Tasks included expanding and correcting the contents of the various dictionary files, and also identifying errors in other parts of the translation pipeline which required simple changes.
In general, a lot of work has been done both on Uzbek and Karakalpak, as well as on packages of Uzbek-Karakalpak translations. The results show that the targets originally set for coverage have almost been met, but the WER / PER results still need to be improved.
Repositories[edit]
All the contributions can be found at following repositories:
- https://github.com/apertium/apertium-uzb-kaa
- https://github.com/apertium/apertium-uzb
- https://github.com/apertium/apertium-kaa
Most of the work that had been collected at the end of GSoC program can be found here : https://apertium.projectjj.com/gsoc2021/Zigfruid.html .

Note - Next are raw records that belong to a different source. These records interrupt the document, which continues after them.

(* Let $\gamma>0$, $y>0$, $x_1\ge0$, $\sigma\ge0$ be real with $y+4x_1+\sigma/\gamma<1$, and assume (C1) $\sigma/\gamma\le y/(q-1)$; (C2) $2x_1(y+\sigma/\gamma+2x_1)^2<(1-y-\sigma/\gamma-4x_1)^2(y+\sigma/\gamma)$; (C3) $\frac\sigma\gamma(1-y)<y^2$. Then $$I_{y,x_1}(\sigma)=S(\sigma,y,0,2x_1)=E(2x_1)+(1-2x_1)E\Bigl(\frac{y+2x_1}{1-2x_1}\Bigr)+\Bigl(y+\frac\sigma\gamma+2x_1\Bigr)E\Bigl(\frac{y+2x_1}{y+\sigma/\gamma+2x_1}\Bigr).$$
   Context: $E(x)=-x\log_qx-(1-x)\log_q(1-x)$ for $0<x<1$, $E(0)=E(1)=0$. $S(\sigma,y,x,t_1)=E(t_1)+(1-t_1)E\bigl(\frac{y+x+t_1}{1-t_1}\bigr)+Z$, where $Z=(y+\sigma/\gamma+t_1)E\bigl(\frac{y+x+t_1}{y+\sigma/\gamma+t_1}\bigr)$ if $\frac{y+x+t_1}{y+\sigma/\gamma+t_1}\ge1-\frac1q$ and $Z=(y+\sigma/\gamma+t_1)-(y+x+t_1)\log_q(q-1)$ otherwise. $I_{y,x_1}(\sigma)=\max S(\sigma,y,x,t_1)$ over real $0\le t_1\le2x_1$, $0\le x\le\sigma/\gamma$. *)

theory Defs
  imports "HOL-Analysis.Analysis"
begin

text \<open>q-ary entropy function; q is the alphabet size (natural number, q \<ge> 2).
  Outside the open interval (0,1) it is set to 0 (the paper only defines it on [0,1]).\<close>
definition Hq :: "nat \<Rightarrow> real \<Rightarrow> real" where
  "Hq q x = (if 0 < x \<and> x < 1
             then - x * log (real q) x - (1 - x) * log (real q) (1 - x) else 0)"

definition Zq :: "nat \<Rightarrow> real \<Rightarrow> real \<Rightarrow> real \<Rightarrow> real \<Rightarrow> real \<Rightarrow> real" where
  "Zq q \<gamma> \<sigma> y x t1 =
    (if (y + x + t1) / (y + \<sigma>/\<gamma> + t1) \<ge> 1 - 1 / real q
     then (y + \<sigma>/\<gamma> + t1) * Hq q ((y + x + t1) / (y + \<sigma>/\<gamma> + t1))
     else (y + \<sigma>/\<gamma> + t1) - (y + x + t1) * log (real q) (real q - 1))"

definition Sfun :: "nat \<Rightarrow> real \<Rightarrow> real \<Rightarrow> real \<Rightarrow> real \<Rightarrow> real \<Rightarrow> real" where
  "Sfun q \<gamma> \<sigma> y x t1 =
     Hq q t1 + (1 - t1) * Hq q ((y + x + t1) / (1 - t1)) + Zq q \<gamma> \<sigma> y x t1"

definition Svals :: "nat \<Rightarrow> real \<Rightarrow> real \<Rightarrow> real \<Rightarrow> real \<Rightarrow> real set" where
  "Svals q \<gamma> \<sigma> y x1 =
     {Sfun q \<gamma> \<sigma> y x t1 | x t1. 0 \<le> t1 \<and> t1 \<le> 2 * x1 \<and> 0 \<le> x \<and> x \<le> \<sigma> / \<gamma>}"

definition Ifun :: "nat \<Rightarrow> real \<Rightarrow> real \<Rightarrow> real \<Rightarrow> real \<Rightarrow> real" where
  "Ifun q \<gamma> y x1 \<sigma> = Sup (Svals q \<gamma> \<sigma> y x1)"

end

theory Submission
  imports Defs "HOL-Real_Asymp.Real_Asymp"
begin

text \<open>Under (C1) the function Zq is always in its entropy branch, so ln q times S is a
  signed sum of terms u ln u with u affine in x and t. Its partial derivative in x is
  ln ((1-y-x-2t)(\<sigma>/\<gamma>-x) / (y+x+t)^2), which is at most 0 by (C3), so the maximum is
  at x = 0; there the partial derivative in t is ln ((1-y-2t)^2 (y+\<sigma>/\<gamma>+t) / (t (y+t)^2)),
  which is at least 0 for t \<le> 2 x1 by (C2), so the maximum is at t = 2 x1.\<close>

definition xlnx :: "real \<Rightarrow> real" where
  "xlnx a = a * ln a"

lemma xlnx_tendsto_0: "(xlnx \<longlongrightarrow> 0) (at_right 0)"
  unfolding xlnx_def by real_asymp

lemma continuous_on_xlnx: "continuous_on {0..} xlnx"
  unfolding continuous_on_def
proof (intro ballI)
  fix a :: real assume "a \<in> {0..}"
  show "(xlnx \<longlongrightarrow> xlnx a) (at a within {0..})"
  proof (cases "a = 0")
    case True
    then show ?thesis
      using xlnx_tendsto_0 by (simp add: xlnx_def at_within_Ici_at_right)
  next
    case False
    then have "isCont xlnx a"
      unfolding xlnx_def by (intro continuous_intros) auto
    then show ?thesis
      by (metis continuous_at_imp_continuous_at_within continuous_within)
  qed
qed

lemma continuous_on_xlnx_comp [continuous_intros]:
  assumes "continuous_on S f" "\<And>x. x \<in> S \<Longrightarrow> f x \<ge> 0"
  shows "continuous_on S (\<lambda>x. xlnx (f x))"
  using continuous_on_compose2[OF continuous_on_xlnx assms(1)] assms(2) by auto

lemma has_real_derivative_xlnx_comp [derivative_intros]:
  assumes "(f has_real_derivative f') (at x within S)" "f x > 0"
  shows "((\<lambda>x. xlnx (f x)) has_real_derivative (ln (f x) + 1) * f') (at x within S)"
  unfolding xlnx_def using assms by (auto intro!: derivative_eq_intros simp: field_simps)

lemma mult_Hq_divide:
  assumes "0 < m" "0 \<le> a" "a \<le> m"
  shows "m * Hq q (a / m) = (xlnx m - xlnx a - xlnx (m - a)) / ln q"
proof -
  consider "a = 0" | "a = m" | "0 < a" "a < m"
    using assms by linarith
  then show ?thesis
  proof cases
    case 3
    then have "0 < a / m" "a / m < 1" "1 - a / m = (m - a) / m"
      using assms by (auto simp: field_simps)
    then have "Hq q (a / m) = (- (a/m) * ln (a/m) - ((m-a)/m) * ln ((m-a)/m)) / ln q"
      by (simp add: Hq_def log_def diff_divide_distrib)
    moreover have "m * (- (a/m) * ln (a/m) - ((m-a)/m) * ln ((m-a)/m)) = xlnx m - xlnx a - xlnx (m - a)"
      using assms 3 by (simp add: ln_div xlnx_def field_simps)
    ultimately show ?thesis
      by simp
  qed (use assms in \<open>simp_all add: Hq_def xlnx_def\<close>)
qed

lemma Zq_eq_entropy:
  assumes "1 < q" "0 < y" "0 \<le> x" "0 \<le> t" "0 \<le> \<sigma>/\<gamma>" "\<sigma>/\<gamma> \<le> y / (real q - 1)"
  shows "Zq q \<gamma> \<sigma> y x t = (y + \<sigma>/\<gamma> + t) * Hq q ((y + x + t) / (y + \<sigma>/\<gamma> + t))"
proof -
  define s where "s = \<sigma>/\<gamma>"
  have "(real q - 1) * s \<le> y"
    using assms by (simp add: s_def le_divide_eq mult.commute)
  moreover have "0 \<le> real q * x"
    using assms by simp
  ultimately have "(real q - 1) * (y + s + t) \<le> real q * (y + x + t)"
    using \<open>0 \<le> t\<close> by (simp add: algebra_simps)
  then have "1 - 1 / real q \<le> (y + x + t) / (y + s + t)"
    using assms by (simp add: s_def field_simps)
  then show ?thesis
    by (simp add: Zq_def s_def)
qed

text \<open>With s = \<sigma>/\<gamma>, this is ln q times Sfun wherever Zq is in its entropy branch: by
  mult_Hq_divide the xlnx (1 - t) terms cancel and xlnx 1 = 0.\<close>
definition Sfun_scaled :: "real \<Rightarrow> real \<Rightarrow> real \<Rightarrow> real \<Rightarrow> real" where
  "Sfun_scaled s y x t =
     - xlnx t - 2 * xlnx (y + x + t) - xlnx (1 - y - x - 2*t) + xlnx (y + s + t) - xlnx (s - x)"

lemma Sfun_eq_Sfun_scaled:
  assumes "1 < q" "0 < y" "0 \<le> x" "x \<le> \<sigma>/\<gamma>" "0 \<le> t" "y + \<sigma>/\<gamma> + 2*t \<le> 1"
    and "\<sigma>/\<gamma> \<le> y / (real q - 1)"
  shows "Sfun q \<gamma> \<sigma> y x t = Sfun_scaled (\<sigma>/\<gamma>) y x t / ln q"
proof -
  have "Hq q t = (xlnx 1 - xlnx t - xlnx (1 - t)) / ln q"
    using mult_Hq_divide[of 1 t q] assms by simp
  moreover have "(1 - t) * Hq q ((y + x + t) / (1 - t))
      = (xlnx (1 - t) - xlnx (y + x + t) - xlnx (1 - y - x - 2*t)) / ln q"
    using mult_Hq_divide[of "1 - t" "y + x + t" q] assms by (simp add: algebra_simps)
  moreover have "Zq q \<gamma> \<sigma> y x t
      = (xlnx (y + \<sigma>/\<gamma> + t) - xlnx (y + x + t) - xlnx (\<sigma>/\<gamma> - x)) / ln q"
    using Zq_eq_entropy[of q y x t \<sigma> \<gamma>] mult_Hq_divide[of "y + \<sigma>/\<gamma> + t" "y + x + t" q] assms
    by (simp add: algebra_simps)
  ultimately show ?thesis
    by (simp add: Sfun_def Sfun_scaled_def xlnx_def add_divide_distrib diff_divide_distrib)
qed

lemma Sfun_scaled_antimono_x:
  assumes "0 < y" "s * (1 - y) < y^2" "0 \<le> t" "y + s + 2*t < 1" "0 \<le> x" "x \<le> s"
  shows "Sfun_scaled s y x t \<le> Sfun_scaled s y 0 t"
proof (rule DERIV_nonpos_imp_decreasing_open[of 0 x "\<lambda>z. Sfun_scaled s y z t"])
  show "continuous_on {0..x} (\<lambda>z. Sfun_scaled s y z t)"
    unfolding Sfun_scaled_def using assms by (intro continuous_intros) auto
  fix z assume z: "0 < z" "z < x"
  then have pos: "0 < y + z + t" "0 < 1 - y - z - 2*t" "0 < s - z"
    using assms by auto
  have "((\<lambda>z. Sfun_scaled s y z t) has_real_derivative
      ln (1 - y - z - 2*t) + ln (s - z) - 2 * ln (y + z + t)) (at z)"
    unfolding Sfun_scaled_def using pos by (auto intro!: derivative_eq_intros simp: algebra_simps)
  moreover have "ln (1 - y - z - 2*t) + ln (s - z) - 2 * ln (y + z + t) \<le> 0"
  proof -
    have "(1 - y - z - 2*t) * (s - z) \<le> (1 - y) * s"
      using pos assms z by (intro mult_mono) auto
    also have "\<dots> < y^2" using assms by (simp add: mult.commute)
    also have "\<dots> \<le> (y + z + t)^2" using assms z by (intro power_mono) auto
    finally have "ln ((1 - y - z - 2*t) * (s - z)) \<le> ln ((y + z + t)^2)"
      using pos by simp
    then show ?thesis using pos by (simp add: ln_mult ln_realpow)
  qed
  ultimately show "\<exists>d. ((\<lambda>z. Sfun_scaled s y z t) has_real_derivative d) (at z) \<and> d \<le> 0"
    by blast
qed (use assms in simp)

lemma Sfun_scaled_mono_t:
  assumes "0 < y" "0 \<le> s" "y + s + 2*T < 1" "T * (y + s + T)^2 < (1 - y - s - 2*T)^2 * (y + s)"
    and "0 \<le> t" "t \<le> T"
  shows "Sfun_scaled s y 0 t \<le> Sfun_scaled s y 0 T"
proof (rule DERIV_nonneg_imp_increasing_open[of t T "Sfun_scaled s y 0"])
  show "continuous_on {t..T} (Sfun_scaled s y 0)"
    unfolding Sfun_scaled_def using assms by (intro continuous_intros) auto
  fix z assume z: "t < z" "z < T"
  then have pos: "0 < z" "0 < y + z" "0 < 1 - y - 2*z" "0 < y + s + z"
    using assms by auto
  have "(Sfun_scaled s y 0 has_real_derivative
      2 * ln (1 - y - 2*z) + ln (y + s + z) - ln z - 2 * ln (y + z)) (at z)"
    unfolding Sfun_scaled_def using pos by (auto intro!: derivative_eq_intros simp: algebra_simps)
  moreover have "0 \<le> 2 * ln (1 - y - 2*z) + ln (y + s + z) - ln z - 2 * ln (y + z)"
  proof -
    have "z * (y + z)^2 \<le> T * (y + s + T)^2"
      using pos z assms by (intro mult_mono power_mono) auto
    also have "\<dots> < (1 - y - s - 2*T)^2 * (y + s)" by fact
    also have "\<dots> \<le> (1 - y - 2*z)^2 * (y + s + z)"
      using pos z assms by (intro mult_mono power_mono) auto
    finally have "ln (z * (y + z)^2) \<le> ln ((1 - y - 2*z)^2 * (y + s + z))"
      using pos by simp
    then show ?thesis using pos by (simp add: ln_mult ln_realpow)
  qed
  ultimately show "\<exists>d. (Sfun_scaled s y 0 has_real_derivative d) (at z) \<and> 0 \<le> d"
    by blast
qed (use assms in simp)

lemma Sfun_le_Sfun_at_corner:
  assumes "1 < q" "0 < y" "y + \<sigma>/\<gamma> + 2*T < 1"
    and "\<sigma>/\<gamma> \<le> y / (real q - 1)"
    and "\<sigma>/\<gamma> * (1 - y) < y^2"
    and "T * (y + \<sigma>/\<gamma> + T)^2 < (1 - y - \<sigma>/\<gamma> - 2*T)^2 * (y + \<sigma>/\<gamma>)"
    and "0 \<le> x" "x \<le> \<sigma>/\<gamma>" "0 \<le> t" "t \<le> T"
  shows "Sfun q \<gamma> \<sigma> y x t \<le> Sfun q \<gamma> \<sigma> y 0 T"
proof -
  have "0 < ln (real q)"
    using assms by simp
  have "Sfun q \<gamma> \<sigma> y x t = Sfun_scaled (\<sigma>/\<gamma>) y x t / ln q"
    using assms by (intro Sfun_eq_Sfun_scaled) auto
  also have "\<dots> \<le> Sfun_scaled (\<sigma>/\<gamma>) y 0 t / ln q"
    using assms \<open>0 < ln q\<close> by (intro divide_right_mono Sfun_scaled_antimono_x) auto
  also have "\<dots> \<le> Sfun_scaled (\<sigma>/\<gamma>) y 0 T / ln q"
    using assms \<open>0 < ln q\<close> by (intro divide_right_mono Sfun_scaled_mono_t) auto
  also have "\<dots> = Sfun q \<gamma> \<sigma> y 0 T"
    using assms by (intro Sfun_eq_Sfun_scaled[symmetric]) auto
  finally show ?thesis .
qed

theorem corollary4p9:
  fixes q :: nat and \<gamma> y x1 \<sigma> :: real
  assumes "q \<ge> 2"
    and "\<gamma> > 0" and "y > 0" and "x1 \<ge> 0" and "\<sigma> \<ge> 0"
    and "y + 4 * x1 + \<sigma> / \<gamma> < 1"
    and C1: "\<sigma> / \<gamma> \<le> y / (real q - 1)"
    and C2: "2 * x1 * (y + \<sigma>/\<gamma> + 2 * x1)^2 < (1 - y - \<sigma>/\<gamma> - 4 * x1)^2 * (y + \<sigma>/\<gamma>)"
    and C3: "\<sigma> / \<gamma> * (1 - y) < y^2"
  shows "Sfun q \<gamma> \<sigma> y 0 (2 * x1) \<in> Svals q \<gamma> \<sigma> y x1
    \<and> (\<forall>s \<in> Svals q \<gamma> \<sigma> y x1. s \<le> Sfun q \<gamma> \<sigma> y 0 (2 * x1))
    \<and> Ifun q \<gamma> y x1 \<sigma> = Sfun q \<gamma> \<sigma> y 0 (2 * x1)
    \<and> Sfun q \<gamma> \<sigma> y 0 (2 * x1) =
        Hq q (2 * x1) + (1 - 2 * x1) * Hq q ((y + 2 * x1) / (1 - 2 * x1))
        + (y + \<sigma>/\<gamma> + 2 * x1) * Hq q ((y + 2 * x1) / (y + \<sigma>/\<gamma> + 2 * x1))"
proof -
  have "0 \<le> \<sigma>/\<gamma>"
    using assms by simp
  then have max: "Sfun q \<gamma> \<sigma> y 0 (2 * x1) \<in> Svals q \<gamma> \<sigma> y x1"
    using assms unfolding Svals_def by force
  have upper: "\<forall>s \<in> Svals q \<gamma> \<sigma> y x1. s \<le> Sfun q \<gamma> \<sigma> y 0 (2 * x1)"
    unfolding Svals_def using assms
    by (auto intro!: Sfun_le_Sfun_at_corner[where T = "2 * x1"])
  have "Ifun q \<gamma> y x1 \<sigma> = Sfun q \<gamma> \<sigma> y 0 (2 * x1)"
    unfolding Ifun_def using max upper by (intro cSup_eq_maximum) auto
  moreover have "Zq q \<gamma> \<sigma> y 0 (2 * x1)
      = (y + \<sigma>/\<gamma> + 2 * x1) * Hq q ((y + 2 * x1) / (y + \<sigma>/\<gamma> + 2 * x1))"
    using Zq_eq_entropy[of q y 0 "2 * x1" \<sigma> \<gamma>] \<open>0 \<le> \<sigma>/\<gamma>\<close> assms by simp
  ultimately show ?thesis
    using max upper by (simp add: Sfun_def)
qed

end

I have to point out that there are still some more Pull-Requests that haven't been merged yet. Such as these PRs:
Future Work[edit]
- Add more words to apertium-uzb.dix file
- Add more words to apertium-kaa.dix file
- Find words that do not match the lexical rules
- Try to achieve WER < 40% on large articles, e.g. from Wikipedia through fixing structural transfer and lexical selection errors
- Identifying and fixing additional transfer errors by using testvoc
Conclusion[edit]
It has been a great experience for me working with Apertium over the past three months.I learned a lot and gained a lot of experience, and thanks to the mentor @jonorthwash for the constant response, every time If I had a question, he always answered to my questions and helped to me with the project.